Task objective: Give again, word for word, every line in the entries below from the line with "using opmul_nonzero_imp_decomp[OF assms(3)]" up to and including the line with "((nat \<Rightarrow> nat)", and no other line.
++++ Dataset content
lemma ord_0_imp_opsupp_zero:
  assumes "is_op n F" "ord n F = 0"
  shows "opsupp F \<subseteq> {\<lambda>_. 0}"
proof
  fix \<alpha> assume \<alpha>: "\<alpha> \<in> opsupp F"
  then have "mdeg n \<alpha> = 0"
    using mdeg_le_ord[OF is_op_finite[OF assms(1)] \<alpha>, of n] assms(2) by simp
  moreover have "\<forall>i\<ge>n. \<alpha> i = 0"
    using \<alpha> assms(1) by (simp add: is_op_def opsupp_def)
  ultimately show "\<alpha> \<in> {\<lambda>_. 0}"
    using mdeg_eq_0_imp_zero by blast
qed

lemma Sym_eq_imp_ord_eq:
  assumes "finite (opsupp P)" "finite (opsupp Q)" "Sym n P = Sym n Q"
  shows "ord n P = ord n Q"
proof -
  have ord_eq_if_nonzero: "ord n P = ord n Q"
    if fin: "finite (opsupp P)" and ne: "opsupp P \<noteq> {}" and Sym: "Sym n P = Sym n Q"
    for P Q :: "(nat \<Rightarrow> nat) \<Rightarrow> 'a"
  proof -
    obtain \<alpha> where "\<alpha> \<in> opsupp P" "mdeg n \<alpha> = ord n P"
      using ord_attained[OF fin ne] by blast
    then have "Sym n Q \<alpha> \<noteq> 0"
      using Sym[symmetric] by (simp add: Sym_def opsupp_def)
    then show ?thesis
      using \<open>mdeg n \<alpha> = ord n P\<close> by (simp add: Sym_def split: if_splits)
  qed
  show ?thesis
  proof (cases "opsupp P = {} \<and> opsupp Q = {}")
    case True
    then show ?thesis by (simp add: ord_def)
  next
    case False
    then show ?thesis
      using ord_eq_if_nonzero[of P Q] ord_eq_if_nonzero[of Q P] assms by (metis (full_types))
  qed
qed

lemma Sym_eq_imp_diff_lower_order:
  fixes P Q :: "(nat \<Rightarrow> nat) \<Rightarrow> 'a::ab_group_add"
  assumes "finite (opsupp P)" "finite (opsupp Q)" "Sym n P = Sym n Q"
    and "\<alpha> \<in> opsupp (\<lambda>\<alpha>. P \<alpha> - Q \<alpha>)"
  shows "mdeg n \<alpha> < ord n P"
proof -
  have ord: "ord n Q = ord n P"
    using Sym_eq_imp_ord_eq[OF assms(1-3)] by simp
  have "P \<alpha> \<noteq> Q \<alpha>"
    using assms(4) by (simp add: opsupp_def)
  then have "\<alpha> \<in> opsupp P \<or> \<alpha> \<in> opsupp Q"
    by (auto simp: opsupp_def)
  then have "mdeg n \<alpha> \<le> ord n P"
    using mdeg_le_ord assms(1,2) ord by metis
  moreover have "mdeg n \<alpha> \<noteq> ord n P"
    using fun_cong[OF assms(3), of \<alpha>] \<open>P \<alpha> \<noteq> Q \<alpha>\<close> ord by (auto simp: Sym_def)
  ultimately show ?thesis by simp
qed

lemma opmul_nonzero_imp_decomp:
  assumes "opmul n \<delta> P Q \<mu> \<noteq> 0"
  obtains \<alpha> \<beta> \<gamma> where "\<alpha> \<in> opsupp P" "\<beta> \<in> opsupp Q" "\<gamma> \<in> below n \<alpha>"
    "(\<lambda>i. \<alpha> i - \<gamma> i + \<beta> i) = \<mu>"
proof (rule ccontr)
  assume "\<not> thesis"
  then have "opmul n \<delta> P Q \<mu> = 0"
    using that unfolding opmul_def by (auto intro!: sum.neutral) blast
  then show False
    using assms by contradiction
qed

lemma opmul_nonzero_imp_mdeg_le:
  assumes "\<forall>\<alpha>\<in>opsupp P. mdeg n \<alpha> \<le> p" "\<forall>\<beta>\<in>opsupp Q. mdeg n \<beta> \<le> q"
    and "opmul n \<delta> P Q \<mu> \<noteq> 0"
  shows "mdeg n \<mu> \<le> p + q"
proof -
  obtain \<alpha> \<beta> \<gamma> where "\<alpha> \<in> opsupp P" "\<beta> \<in> opsupp Q" "\<gamma> \<in> below n \<alpha>"
    and \<mu>: "(\<lambda>i. \<alpha> i - \<gamma> i + \<beta> i) = \<mu>"
    using opmul_nonzero_imp_decomp[OF assms(3)] by blast
  then show ?thesis
    using assms(1,2) mdeg_shift[of \<gamma> n \<alpha> \<beta>] by fastforce
qed

definition leading_index :: "nat \<Rightarrow> ((nat \<Rightarrow> nat) \<Rightarrow> 'a::zero) \<Rightarrow> (nat \<Rightarrow> nat) \<Rightarrow> bool" where
  "leading_index n P \<alpha>\<^sub>0 \<longleftrightarrow> \<alpha>\<^sub>0 \<in> opsupp P \<and> mdeg n \<alpha>\<^sub>0 = ord n P \<and>
     (\<forall>\<alpha>\<in>opsupp P. mdeg n \<alpha> = ord n P \<longrightarrow> \<not> less_fun \<alpha>\<^sub>0 \<alpha>)"

lemma leading_index_exists:
  assumes "finite (opsupp P)" "opsupp P \<noteq> {}"
  obtains \<alpha>\<^sub>0 where "leading_index n P \<alpha>\<^sub>0"
proof -
  let ?T = "{\<alpha>\<in>opsupp P. mdeg n \<alpha> = ord n P}"
  have "finite ?T" "?T \<noteq> {}"
    using assms ord_attained[OF assms, of n] by auto
  then obtain \<alpha>\<^sub>0 where "\<alpha>\<^sub>0 \<in> ?T" "\<forall>\<alpha>\<in>?T. \<not> less_fun \<alpha>\<^sub>0 \<alpha>"
    using finite_has_less_fun_maximal by blast
  then show ?thesis
    using that by (auto simp: leading_index_def)
qed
++++++++
Response to the exercise:
    using opmul_nonzero_imp_decomp[OF assms(3)] by blast
  then show ?thesis
    using assms(1,2) mdeg_shift[of \<gamma> n \<alpha> \<beta>] by fastforce
qed

definition leading_index :: "nat \<Rightarrow> ((nat \<Rightarrow> nat) \<Rightarrow> 'a::zero) \<Rightarrow> (nat \<Rightarrow> nat) \<Rightarrow> bool" where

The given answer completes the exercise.